Required work - Copy out each line containing "sigma" from the entries below.

________________________________________

(* Let $\mathcal F_K^{\mathrm d}$ be the set of $F\in\mathcal F_K$ whose columns are mutually different, and let $\mathcal Q_K^{\mathrm{ua}}$ be the set of $Q\in\mathcal Q_K$ such that every column of $Q$ equals $e_k$ for some $k\in\{1,\dots,K\}$, and for every $k$ there is a column $i$ with $Q_{\star i}=e_k$. Then $\mathcal M'''=\bigcup_{K=1}^\infty\mathcal F_K^{\mathrm d}\times\mathcal Q_K^{\mathrm{ua}}=\bigcup_{K=1}^N\mathcal F_K^{\mathrm d}\times\mathcal Q_K^{\mathrm{ua}}$ and $\mathcal M'''$ is identifiable.
   Context: Fix positive integers $M$ and $N$. For a positive integer $K$, $\mathcal F_K$ is the set of real $M\times K$ matrices with all entries in $[0,1]$, and $\mathcal Q_K$ is the set of real $K\times N$ matrices with entries in $[0,1]$ each of whose columns sums to $1$. $e_k$ is the $k$-th standard basis vector of $\mathbb R^K$ and $A_{\star j}$ the $j$-th column of $A$. $(F^1,Q^1)\sim(F^2,Q^2)$ means $F^1,F^2$ have the same number $K$ of columns and there is a permutation $\pi$ of $\{1,\dots,K\}$ with $F^2_{sk}=F^1_{s\pi(k)}$ and $Q^2_{ki}=Q^1_{\pi(k)i}$ for all $s,k,i$. A set $\mathcal M$ of pairs is identifiable if for all $(F^1,Q^1),(F^2,Q^2)\in\mathcal M$, $F^1Q^1=F^2Q^2$ implies $(F^1,Q^1)\sim(F^2,Q^2)$. *)

theory Defs
  imports "Jordan_Normal_Form.Matrix"
begin

text \<open>Matrices are Jordan_Normal_Form matrices; indices are 0-based
  (row s < M, column k < K, column i < N).\<close>

definition F_set :: "nat \<Rightarrow> nat \<Rightarrow> real mat set" where
  "F_set M K = {F \<in> carrier_mat M K. \<forall>s<M. \<forall>k<K. 0 \<le> F $$ (s,k) \<and> F $$ (s,k) \<le> 1}"

definition Q_set :: "nat \<Rightarrow> nat \<Rightarrow> real mat set" where
  "Q_set K N = {Q \<in> carrier_mat K N. (\<forall>k<K. \<forall>i<N. 0 \<le> Q $$ (k,i) \<and> Q $$ (k,i) \<le> 1)
      \<and> (\<forall>i<N. (\<Sum>k<K. Q $$ (k,i)) = 1)}"

definition F_d_set :: "nat \<Rightarrow> nat \<Rightarrow> real mat set" where
  "F_d_set M K = {F \<in> F_set M K. \<forall>k<K. \<forall>k'<K. k \<noteq> k' \<longrightarrow> col F k \<noteq> col F k'}"

definition Q_ua_set :: "nat \<Rightarrow> nat \<Rightarrow> real mat set" where
  "Q_ua_set K N = {Q \<in> Q_set K N. (\<forall>i<N. \<exists>k<K. col Q i = unit_vec K k)
      \<and> (\<forall>k<K. \<exists>i<N. col Q i = unit_vec K k)}"

definition pair_equiv :: "nat \<Rightarrow> nat \<Rightarrow> real mat \<times> real mat \<Rightarrow> real mat \<times> real mat \<Rightarrow> bool" where
  "pair_equiv M N p1 p2 = (case p1 of (F1, Q1) \<Rightarrow> case p2 of (F2, Q2) \<Rightarrow>
      dim_col F1 = dim_col F2 \<and>
      (\<exists>\<pi>. \<pi> permutes {..<dim_col F1} \<and>
         (\<forall>s<M. \<forall>k<dim_col F1. F2 $$ (s,k) = F1 $$ (s, \<pi> k)) \<and>
         (\<forall>k<dim_col F1. \<forall>i<N. Q2 $$ (k,i) = Q1 $$ (\<pi> k, i))))"

definition identifiable :: "nat \<Rightarrow> nat \<Rightarrow> (real mat \<times> real mat) set \<Rightarrow> bool" where
  "identifiable M N S = (\<forall>p1\<in>S. \<forall>p2\<in>S.
      fst p1 * snd p1 = fst p2 * snd p2 \<longrightarrow> pair_equiv M N p1 p2)"

end

theory Submission
  imports Defs "HOL-Combinatorics.Permutations"
begin

text \<open>A matrix \<open>Q \<in> Q_ua_set K N\<close> is the incidence matrix of a surjective labelling
  \<open>c : {..<N} \<rightarrow> {..<K}\<close>, so \<open>K \<le> N\<close>, and column \<open>i\<close> of \<open>F * Q\<close> is column \<open>c i\<close> of \<open>F\<close>.
  If \<open>F\<^sub>1 Q\<^sub>1 = F\<^sub>2 Q\<^sub>2\<close> then \<open>col F\<^sub>1 \<circ> c\<^sub>1 = col F\<^sub>2 \<circ> c\<^sub>2\<close>; since both column maps are
  injective and both labellings are onto, the two factorizations of this map differ only by
  the bijection \<open>the_inv (col F\<^sub>1) \<circ> col F\<^sub>2\<close> between the label sets, which is the required
  permutation.\<close>

lemma factorizations_through_injections_unique:
  assumes inj1: "inj_on f1 B1" and inj2: "inj_on f2 B2"
    and onto1: "c1 ` A = B1" and onto2: "c2 ` A = B2"
    and factor: "\<And>a. a \<in> A \<Longrightarrow> f1 (c1 a) = f2 (c2 a)"
  obtains \<rho> where "bij_betw \<rho> B2 B1" "\<And>b. b \<in> B2 \<Longrightarrow> f2 b = f1 (\<rho> b)"
    "\<And>a. a \<in> A \<Longrightarrow> \<rho> (c2 a) = c1 a"
proof
  have same_image: "f2 ` B2 = f1 ` B1"
    using factor by (force simp flip: onto1 onto2)
  have bij1: "bij_betw f1 B1 (f1 ` B1)" and bij2: "bij_betw f2 B2 (f1 ` B1)"
    using inj1 inj2 same_image by (auto simp: bij_betw_def)
  let ?\<rho> = "the_inv_into B1 f1 \<circ> f2"
  show "bij_betw ?\<rho> B2 B1"
    using bij_betw_trans[OF bij2 bij_betw_the_inv_into[OF bij1]] .
  show "f2 b = f1 (?\<rho> b)" if "b \<in> B2" for b
  proof -
    have "f2 b \<in> f1 ` B1" using that same_image by blast
    then show ?thesis by (simp add: f_the_inv_into_f[OF inj1])
  qed
  show "?\<rho> (c2 a) = c1 a" if "a \<in> A" for a
  proof -
    have "c1 a \<in> B1" using that onto1 by blast
    then show ?thesis using the_inv_into_f_f[OF inj1] by (simp flip: factor[OF that])
  qed
qed

lemma Q_ua_setE:
  assumes "Q \<in> Q_ua_set K N"
  obtains c where "Q \<in> carrier_mat K N" "c ` {..<N} = {..<K}"
    "\<And>i. i < N \<Longrightarrow> col Q i = unit_vec K (c i)"
proof
  from assms have cols: "\<forall>i<N. \<exists>k<K. col Q i = unit_vec K k"
    and onto: "\<forall>k<K. \<exists>i<N. col Q i = unit_vec K k" and "Q \<in> carrier_mat K N"
    unfolding Q_ua_set_def Q_set_def by auto
  then show "Q \<in> carrier_mat K N" by simp
  define c where "c i = (SOME k. k < K \<and> col Q i = unit_vec K k)" for i
  have c: "c i < K \<and> col Q i = unit_vec K (c i)" if "i < N" for i
    using someI_ex[OF cols[rule_format, OF that]] by (simp add: c_def)
  then show "col Q i = unit_vec K (c i)" if "i < N" for i
    using that by blast
  show "c ` {..<N} = {..<K}"
  proof
    show "c ` {..<N} \<subseteq> {..<K}" using c by auto
    show "{..<K} \<subseteq> c ` {..<N}"
    proof
      fix k assume "k \<in> {..<K}"
      then obtain i where i: "i < N" "col Q i = unit_vec K k" using onto by auto
      with c have "(unit_vec K (c i) :: real vec) = unit_vec K k" by metis
      with i c \<open>k \<in> {..<K}\<close> have "k = c i" by (auto simp: unit_vec_eq)
      with i show "k \<in> c ` {..<N}" by blast
    qed
  qed
qed

lemma Q_ua_set_dim_le:
  assumes "Q \<in> Q_ua_set K N"
  shows "K \<le> N"
proof -
  obtain c where "c ` {..<N} = {..<K}" using Q_ua_setE[OF assms] by metis
  then show ?thesis using card_image_le[of "{..<N}" c] by simp
qed

lemma F_d_setD:
  assumes "F \<in> F_d_set M K"
  shows "F \<in> carrier_mat M K" "inj_on (col F) {..<K}"
  using assms unfolding F_d_set_def F_set_def inj_on_def by auto

lemma index_mat_unit_col:
  fixes B :: "'a :: zero_neq_one mat"
  assumes "B \<in> carrier_mat n p" "i < p" "j < n" "k < n"
    and "col B i = unit_vec n k"
  shows "B $$ (j, i) = (if j = k then 1 else 0)"
  using arg_cong[OF assms(5), of "\<lambda>v. v $ j"] assms(1-4) by simp

lemma col_mult_unit_col:
  fixes A :: "'a :: semiring_1 mat"
  assumes "A \<in> carrier_mat m n" "B \<in> carrier_mat n p" "i < p" "k < n"
    and "col B i = unit_vec n k"
  shows "col (A * B) i = col A k"
  using assms by (intro eq_vecI) auto

lemma pair_equiv_if_mult_eq:
  assumes F1: "F1 \<in> F_d_set M K1" and Q1: "Q1 \<in> Q_ua_set K1 N"
    and F2: "F2 \<in> F_d_set M K2" and Q2: "Q2 \<in> Q_ua_set K2 N"
    and eq: "F1 * Q1 = F2 * Q2"
  shows "pair_equiv M N (F1, Q1) (F2, Q2)"
proof -
  obtain c1 where Q1C: "Q1 \<in> carrier_mat K1 N" and onto1: "c1 ` {..<N} = {..<K1}"
    and col_Q1: "\<And>i. i < N \<Longrightarrow> col Q1 i = unit_vec K1 (c1 i)"
    using Q_ua_setE[OF Q1] by metis
  obtain c2 where Q2C: "Q2 \<in> carrier_mat K2 N" and onto2: "c2 ` {..<N} = {..<K2}"
    and col_Q2: "\<And>i. i < N \<Longrightarrow> col Q2 i = unit_vec K2 (c2 i)"
    using Q_ua_setE[OF Q2] by metis
  note F1C = F_d_setD(1)[OF F1] and inj1 = F_d_setD(2)[OF F1]
  note F2C = F_d_setD(1)[OF F2] and inj2 = F_d_setD(2)[OF F2]
  have col_eq: "col F1 (c1 i) = col F2 (c2 i)" if "i \<in> {..<N}" for i
  proof -
    have i: "i < N" and labels: "c1 i < K1" "c2 i < K2" using that onto1 onto2 by auto
    have "col F1 (c1 i) = col (F1 * Q1) i"
      using col_mult_unit_col[OF F1C Q1C i labels(1) col_Q1[OF i]] by simp
    also have "\<dots> = col F2 (c2 i)"
      using col_mult_unit_col[OF F2C Q2C i labels(2) col_Q2[OF i]] eq by simp
    finally show ?thesis .
  qed
  obtain \<rho> where bij: "bij_betw \<rho> {..<K2} {..<K1}"
    and col_F2: "\<And>k. k \<in> {..<K2} \<Longrightarrow> col F2 k = col F1 (\<rho> k)"
    and relabel: "\<And>i. i \<in> {..<N} \<Longrightarrow> \<rho> (c2 i) = c1 i"
    using factorizations_through_injections_unique[OF inj1 inj2 onto1 onto2] col_eq by blast
  have K: "K2 = K1" using bij_betw_same_card[OF bij] by simp
  let ?\<sigma> = "restrict_id \<rho> {..<K1}"
  have \<rho>_range: "\<rho> k < K1" if "k < K1" for k
    using bij that K by (auto simp: bij_betw_def)
  have "?\<sigma> permutes {..<K1}"
    using bij K by (simp add: permutes_restrict_id)
  moreover have "F2 $$ (s, k) = F1 $$ (s, ?\<sigma> k)" if "s < M" "k < K1" for s k
    using arg_cong[OF col_F2, of k "\<lambda>v. v $ s"] \<rho>_range that F1C F2C K
    by (simp add: restrict_id_def)
  moreover have "Q2 $$ (k, i) = Q1 $$ (?\<sigma> k, i)" if k: "k < K1" and i: "i < N" for k i
  proof -
    have labels: "c1 i < K1" "c2 i < K1" using i onto1 onto2 K by auto
    have "Q2 $$ (k, i) = (if k = c2 i then 1 else 0)"
      using index_mat_unit_col[OF Q2C i _ _ col_Q2[OF i]] k labels K by simp
    also have "\<dots> = (if \<rho> k = c1 i then 1 else 0)"
      using bij k i labels relabel[of i] K by (auto simp: bij_betw_def inj_on_def)
    also have "\<dots> = Q1 $$ (?\<sigma> k, i)"
      using index_mat_unit_col[OF Q1C i \<rho>_range[OF k] labels(1) col_Q1[OF i]] k
      by (simp add: restrict_id_def)
    finally show ?thesis .
  qed
  ultimately show ?thesis
    unfolding pair_equiv_def using F1C F2C K by auto
qed

theorem mainTheorem7:
  fixes M N :: nat
  assumes "0 < M" and "0 < N"
  shows "(\<Union>K\<in>{1..}. F_d_set M K \<times> Q_ua_set K N) = (\<Union>K\<in>{1..N}. F_d_set M K \<times> Q_ua_set K N)
     \<and> identifiable M N (\<Union>K\<in>{1..}. F_d_set M K \<times> Q_ua_set K N)"
proof
  show "(\<Union>K\<in>{1..}. F_d_set M K \<times> Q_ua_set K N) = (\<Union>K\<in>{1..N}. F_d_set M K \<times> Q_ua_set K N)"
    using Q_ua_set_dim_le by fastforce
  show "identifiable M N (\<Union>K\<in>{1..}. F_d_set M K \<times> Q_ua_set K N)"
    unfolding identifiable_def using pair_equiv_if_mult_eq by fastforce
qed

end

________________________________________

Problem solution -
  let ?\<sigma> = "restrict_id \<rho> {..<K1}"
  have "?\<sigma> permutes {..<K1}"
  moreover have "F2 $$ (s, k) = F1 $$ (s, ?\<sigma> k)" if "s < M" "k < K1" for s k
  moreover have "Q2 $$ (k, i) = Q1 $$ (?\<sigma> k, i)" if k: "k < K1" and i: "i < N" for k i
    also have "\<dots> = Q1 $$ (?\<sigma> k, i)"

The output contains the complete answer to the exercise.